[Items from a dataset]
(* Let $S^{\max}$, $L$, $\mathcal{C}$ and $\mathcal{O}$ be as in the context. For all $\sigma,\sigma'\in\mathbb{T}$ with $\sigma\preceq\sigma'$, we have $\mathcal{O}(\sigma)\supseteq\mathcal{O}(\sigma')$.
   Context: Let $E$ be a set of events. A trace is a finite sequence $\sigma=\sigma_0\cdots\sigma_{n-1}$ ($n\ge 0$) or an infinite sequence $\sigma_0\sigma_1\cdots$ of events; $|\sigma|$ is its length ($\infty$ if infinite) and $\mathbb{T}$ is the set of all traces (including the empty trace). Write $\sigma\preceq\sigma'$ iff $|\sigma|\le|\sigma'|$ and $\sigma_i=\sigma'_i$ for all $0\le i<|\sigma|$ (prefix order). For a finite trace $\sigma$, $\sigma\sigma'$ denotes concatenation. For $P\subseteq\mathbb{T}$, $\mathrm{pf}(P)=\{\sigma'\in\mathbb{T}\mid\exists\sigma\in P.\ \sigma'\preceq\sigma\}$. Fix $S^{\max}\subseteq\mathbb{T}$ and let $S^{\mathrm{pf}}=\mathrm{pf}(S^{\max})$ (valid traces). For $P\subseteq\mathbb{T}$, $\alpha(P)=\{\sigma\in\mathrm{pf}(P)\mid\forall\sigma'\in S^{\max}.\ \sigma\preceq\sigma'\Rightarrow\sigma'\in P\}$. Let $L\subseteq\wp(S^{\max})$ with $S^{\max},\emptyset\in L$ be such that $(L,\subseteq)$ is a complete lattice with top $S^{\max}$, bottom $\emptyset$, join $\sqcup$ and meet $\sqcap$ (least upper bounds / greatest lower bounds in $L$ w.r.t. $\subseteq$, not necessarily $\cup,\cap$). The inquiry function is $\mathcal{I}(\sigma)=\sqcap\{P\in L\mid \sigma\in\alpha(P)\}$ for $\sigma\in S^{\mathrm{pf}}$, and $\mathcal{I}(\sigma)=\emptyset$ for $\sigma\notin S^{\mathrm{pf}}$. A cognizance function is a map $\mathcal{C}:\mathbb{T}\to\wp(\mathbb{T})$ that is extensive ($\sigma\in\mathcal{C}(\sigma)$ for all $\sigma$), satisfies $\mathcal{C}(\sigma\sigma')=\{\tau\tau'\mid\tau\in\mathcal{C}(\sigma),\tau'\in\mathcal{C}(\sigma')\}$ for all $\sigma,\sigma'$, and satisfies $\sigma\notin S^{\mathrm{pf}}\Rightarrow\mathcal{C}(\sigma)\cap S^{\mathrm{pf}}=\emptyset$. The observation function is $\mathcal{O}(\sigma)=\sqcup\{\mathcal{I}(\sigma')\mid\sigma'\in\mathcal{C}(\sigma)\}$. *)

theory Defs
  imports Main "HOL-Library.Sublist"
begin

datatype 'e trace = Fin "'e list" | Inf "nat \<Rightarrow> 'e"

fun tprefix :: "'e trace \<Rightarrow> 'e trace \<Rightarrow> bool" (infix "\<preceq>\<^sub>t" 50) where
  "tprefix (Fin xs) (Fin ys) = prefix xs ys"
| "tprefix (Fin xs) (Inf f) = (xs = map f [0..<length xs])"
| "tprefix (Inf f) (Fin ys) = False"
| "tprefix (Inf f) (Inf g) = (f = g)"

text \<open>Concatenation; for an infinite first argument the result is that
  argument (the paper only concatenates after finite traces).\<close>
fun tconc :: "'e trace \<Rightarrow> 'e trace \<Rightarrow> 'e trace" where
  "tconc (Fin xs) (Fin ys) = Fin (xs @ ys)"
| "tconc (Fin xs) (Inf f) = Inf (\<lambda>i. if i < length xs then xs ! i else f (i - length xs))"
| "tconc (Inf f) _ = Inf f"

definition pf :: "'e trace set \<Rightarrow> 'e trace set" where
  "pf P = {s'. \<exists>s\<in>P. s' \<preceq>\<^sub>t s}"

definition alpha :: "'e trace set \<Rightarrow> 'e trace set \<Rightarrow> 'e trace set" where
  "alpha Smax P = {s \<in> pf P. \<forall>s'\<in>Smax. s \<preceq>\<^sub>t s' \<longrightarrow> s' \<in> P}"

definition is_Llub :: "'a set set \<Rightarrow> 'a set set \<Rightarrow> 'a set \<Rightarrow> bool" where
  "is_Llub L A P \<longleftrightarrow> P \<in> L \<and> (\<forall>Q\<in>A. Q \<subseteq> P) \<and> (\<forall>R\<in>L. (\<forall>Q\<in>A. Q \<subseteq> R) \<longrightarrow> P \<subseteq> R)"

definition is_Lglb :: "'a set set \<Rightarrow> 'a set set \<Rightarrow> 'a set \<Rightarrow> bool" where
  "is_Lglb L A P \<longleftrightarrow> P \<in> L \<and> (\<forall>Q\<in>A. P \<subseteq> Q) \<and> (\<forall>R\<in>L. (\<forall>Q\<in>A. R \<subseteq> Q) \<longrightarrow> R \<subseteq> P)"

definition Ljoin :: "'a set set \<Rightarrow> 'a set set \<Rightarrow> 'a set" where
  "Ljoin L A = (THE P. is_Llub L A P)"

definition Lmeet :: "'a set set \<Rightarrow> 'a set set \<Rightarrow> 'a set" where
  "Lmeet L A = (THE P. is_Lglb L A P)"

definition complete_sublattice :: "'e trace set \<Rightarrow> 'e trace set set \<Rightarrow> bool" where
  "complete_sublattice Smax L \<longleftrightarrow> L \<subseteq> Pow Smax \<and> Smax \<in> L \<and> {} \<in> L \<and>
     (\<forall>A \<subseteq> L. (\<exists>P. is_Llub L A P) \<and> (\<exists>P. is_Lglb L A P))"

definition inquiry :: "'e trace set \<Rightarrow> 'e trace set set \<Rightarrow> 'e trace \<Rightarrow> 'e trace set" where
  "inquiry Smax L s = (if s \<in> pf Smax then Lmeet L {P \<in> L. s \<in> alpha Smax P} else {})"

definition cognizance :: "'e trace set \<Rightarrow> ('e trace \<Rightarrow> 'e trace set) \<Rightarrow> bool" where
  "cognizance Smax C \<longleftrightarrow>
     (\<forall>s. s \<in> C s) \<and>
     (\<forall>s s'. (\<exists>xs. s = Fin xs) \<longrightarrow> C (tconc s s') = {tconc t t' | t t'. t \<in> C s \<and> t' \<in> C s'}) \<and>
     (\<forall>s. s \<notin> pf Smax \<longrightarrow> C s \<inter> pf Smax = {})"

definition observation :: "'e trace set \<Rightarrow> 'e trace set set \<Rightarrow> ('e trace \<Rightarrow> 'e trace set) \<Rightarrow> 'e trace \<Rightarrow> 'e trace set" where
  "observation Smax L C s = Ljoin L {inquiry Smax L s' | s'. s' \<in> C s}"

end

theory Submission
  imports Defs
begin

text \<open>By the concatenation law of \<open>C\<close>, every trace in \<open>C s'\<close> extends some trace in
  \<open>C s\<close>. Inquiry is antitone along prefixes, since membership in \<open>alpha Smax P\<close> passes to
  valid extensions. Hence each inquiry joined into the observation of \<open>s'\<close> lies below one
  joined into the observation of \<open>s\<close>.\<close>

lemma tprefix_refl: "t \<preceq>\<^sub>t t"
  by (cases t) auto

lemma tprefix_trans: "a \<preceq>\<^sub>t b \<Longrightarrow> b \<preceq>\<^sub>t c \<Longrightarrow> a \<preceq>\<^sub>t c"
proof (cases a; cases b; cases c)
  fix xs ys g assume "a = Fin xs" "b = Fin ys" "c = Inf g" "a \<preceq>\<^sub>t b" "b \<preceq>\<^sub>t c"
  then have xs: "prefix xs ys" and ys: "ys = map g [0..<length ys]" by simp_all
  from xs have "xs = take (length xs) ys"
    by (metis append_eq_conv_conj prefix_def)
  also have "\<dots> = map g [0..<length xs]"
    using ys prefix_length_le[OF xs] by (metis take_map take_upt add_0)
  finally show ?thesis using \<open>a = Fin xs\<close> \<open>c = Inf g\<close> by simp
qed (auto elim: prefix_order.trans)

lemma tprefix_tconc: "t \<preceq>\<^sub>t tconc t u"
  by (cases t; cases u) (auto intro: nth_equalityI)

lemma tprefix_imp_tconc:
  assumes "s \<preceq>\<^sub>t s'"
  shows "s = s' \<or> (\<exists>xs u. s = Fin xs \<and> s' = tconc s u)"
proof (cases s; cases s')
  fix xs ys assume s: "s = Fin xs" and s': "s' = Fin ys"
  with assms obtain zs where "ys = xs @ zs" by (auto simp: prefix_def)
  with s s' have "s' = tconc s (Fin zs)" by simp
  with s show ?thesis by blast
next
  fix xs f assume s: "s = Fin xs" and s': "s' = Inf f"
  with assms have xs: "xs = map f [0..<length xs]" by simp
  have "tconc s (Inf (\<lambda>i. f (i + length xs))) = s'"
  proof -
    have "xs ! i = f i" if "i < length xs" for i
      using that xs by (metis add_0 diff_zero nth_map_upt)
    then show ?thesis unfolding s s' by (auto simp: fun_eq_iff)
  qed
  with s show ?thesis by blast
qed (use assms in auto)

lemma pf_downward_closed: "t' \<in> pf P \<Longrightarrow> t \<preceq>\<^sub>t t' \<Longrightarrow> t \<in> pf P"
  unfolding pf_def by (blast intro: tprefix_trans)

lemma alpha_prefix_mono:
  "t \<preceq>\<^sub>t t' \<Longrightarrow> t' \<in> pf Smax \<Longrightarrow> t \<in> alpha Smax P \<Longrightarrow> t' \<in> alpha Smax P"
  unfolding alpha_def pf_def by (blast intro: tprefix_trans)

lemma is_Lglb_unique: "is_Lglb L A P \<Longrightarrow> is_Lglb L A Q \<Longrightarrow> P = Q"
  unfolding is_Lglb_def by (meson subset_antisym)

lemma is_Llub_unique: "is_Llub L A P \<Longrightarrow> is_Llub L A Q \<Longrightarrow> P = Q"
  unfolding is_Llub_def by (meson subset_antisym)

lemma Lmeet_eqI: "is_Lglb L A P \<Longrightarrow> Lmeet L A = P"
  unfolding Lmeet_def by (metis the_equality is_Lglb_unique)

lemma Ljoin_eqI: "is_Llub L A P \<Longrightarrow> Ljoin L A = P"
  unfolding Ljoin_def by (metis the_equality is_Llub_unique)

lemma is_Lglb_Lmeet:
  assumes "complete_sublattice Smax L" and "A \<subseteq> L"
  shows "is_Lglb L A (Lmeet L A)"
proof -
  from assms obtain P where "is_Lglb L A P"
    unfolding complete_sublattice_def by blast
  then show ?thesis by (simp add: Lmeet_eqI)
qed

lemma is_Llub_Ljoin:
  assumes "complete_sublattice Smax L" and "A \<subseteq> L"
  shows "is_Llub L A (Ljoin L A)"
proof -
  from assms obtain P where "is_Llub L A P"
    unfolding complete_sublattice_def by blast
  then show ?thesis by (simp add: Ljoin_eqI)
qed

lemma is_Lglb_antimono: "is_Lglb L A P \<Longrightarrow> is_Lglb L B Q \<Longrightarrow> A \<subseteq> B \<Longrightarrow> Q \<subseteq> P"
  unfolding is_Lglb_def by (meson subsetD)

lemma is_Llub_mono:
  "is_Llub L A P \<Longrightarrow> is_Llub L B Q \<Longrightarrow> \<forall>X\<in>A. \<exists>Y\<in>B. X \<subseteq> Y \<Longrightarrow> P \<subseteq> Q"
  unfolding is_Llub_def by (meson subset_trans)

lemma Lmeet_antimono:
  assumes "complete_sublattice Smax L" and "A \<subseteq> B" and "B \<subseteq> L"
  shows "Lmeet L B \<subseteq> Lmeet L A"
  using assms by (meson is_Lglb_antimono is_Lglb_Lmeet order_trans)

lemma Ljoin_mono:
  assumes "complete_sublattice Smax L" and "A \<subseteq> L" and "B \<subseteq> L"
    and "\<forall>X\<in>A. \<exists>Y\<in>B. X \<subseteq> Y"
  shows "Ljoin L A \<subseteq> Ljoin L B"
  using assms by (meson is_Llub_mono is_Llub_Ljoin)

lemma inquiry_in_L:
  assumes L: "complete_sublattice Smax L"
  shows "inquiry Smax L s \<in> L"
proof (cases "s \<in> pf Smax")
  case True
  have "is_Lglb L {P \<in> L. s \<in> alpha Smax P} (Lmeet L {P \<in> L. s \<in> alpha Smax P})"
    by (rule is_Lglb_Lmeet[OF L]) blast
  with True show ?thesis unfolding inquiry_def is_Lglb_def by simp
next
  case False
  with L show ?thesis unfolding inquiry_def complete_sublattice_def by simp
qed

lemma inquiry_antimono:
  assumes L: "complete_sublattice Smax L" and "t \<preceq>\<^sub>t t'"
  shows "inquiry Smax L t' \<subseteq> inquiry Smax L t"
proof (cases "t' \<in> pf Smax")
  case True
  from True \<open>t \<preceq>\<^sub>t t'\<close> have "t \<in> pf Smax" by (rule pf_downward_closed)
  have "{P \<in> L. t \<in> alpha Smax P} \<subseteq> {P \<in> L. t' \<in> alpha Smax P}"
    using alpha_prefix_mono[OF \<open>t \<preceq>\<^sub>t t'\<close> True] by blast
  then have "Lmeet L {P \<in> L. t' \<in> alpha Smax P} \<subseteq> Lmeet L {P \<in> L. t \<in> alpha Smax P}"
    by (rule Lmeet_antimono[OF L]) auto
  with True \<open>t \<in> pf Smax\<close> show ?thesis
    unfolding inquiry_def by simp
qed (simp add: inquiry_def)

lemma cognizance_prefix:
  assumes C: "cognizance Smax C" and "s \<preceq>\<^sub>t s'" and "t' \<in> C s'"
  shows "\<exists>t\<in>C s. t \<preceq>\<^sub>t t'"
  using tprefix_imp_tconc[OF \<open>s \<preceq>\<^sub>t s'\<close>]
proof
  assume "s = s'"
  with \<open>t' \<in> C s'\<close> show ?thesis using tprefix_refl by blast
next
  assume "\<exists>xs u. s = Fin xs \<and> s' = tconc s u"
  then obtain xs u where "s = Fin xs" "s' = tconc s u" by blast
  with C have "C s' = {tconc t t'' | t t''. t \<in> C s \<and> t'' \<in> C u}"
    unfolding cognizance_def by blast
  with \<open>t' \<in> C s'\<close> obtain t t'' where "t \<in> C s" and "t' = tconc t t''" by blast
  then show ?thesis using tprefix_tconc by blast
qed

theorem lemma3:
  fixes Smax :: "'e trace set" and L :: "'e trace set set" and C :: "'e trace \<Rightarrow> 'e trace set"
  assumes "complete_sublattice Smax L"
    and "cognizance Smax C"
    and "s \<preceq>\<^sub>t s'"
  shows "observation Smax L C s' \<subseteq> observation Smax L C s"
proof -
  let ?I = "inquiry Smax L"
  have in_L: "{?I t | t. t \<in> C u} \<subseteq> L" for u
    using inquiry_in_L[OF assms(1)] by blast
  have "\<forall>X\<in>{?I t' | t'. t' \<in> C s'}. \<exists>Y\<in>{?I t | t. t \<in> C s}. X \<subseteq> Y"
  proof clarify
    fix t' assume "t' \<in> C s'"
    then obtain t where "t \<in> C s" and "t \<preceq>\<^sub>t t'"
      using cognizance_prefix[OF assms(2,3)] by blast
    then show "\<exists>Y\<in>{?I t | t. t \<in> C s}. ?I t' \<subseteq> Y"
      using inquiry_antimono[OF assms(1)] by blast
  qed
  then show ?thesis
    unfolding observation_def by (rule Ljoin_mono[OF assms(1) in_L in_L])
qed

end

_Problem to solve_:
Quote exactly and only the lines from the one holding "using cognizance_prefix[OF assms(2,3)]" through the end of the data.

_Task answer_:
      using cognizance_prefix[OF assms(2,3)] by blast
    then show "\<exists>Y\<in>{?I t | t. t \<in> C s}. ?I t' \<subseteq> Y"
      using inquiry_antimono[OF assms(1)] by blast
  qed
  then show ?thesis
    unfolding observation_def by (rule Ljoin_mono[OF assms(1) in_L in_L])
qed

end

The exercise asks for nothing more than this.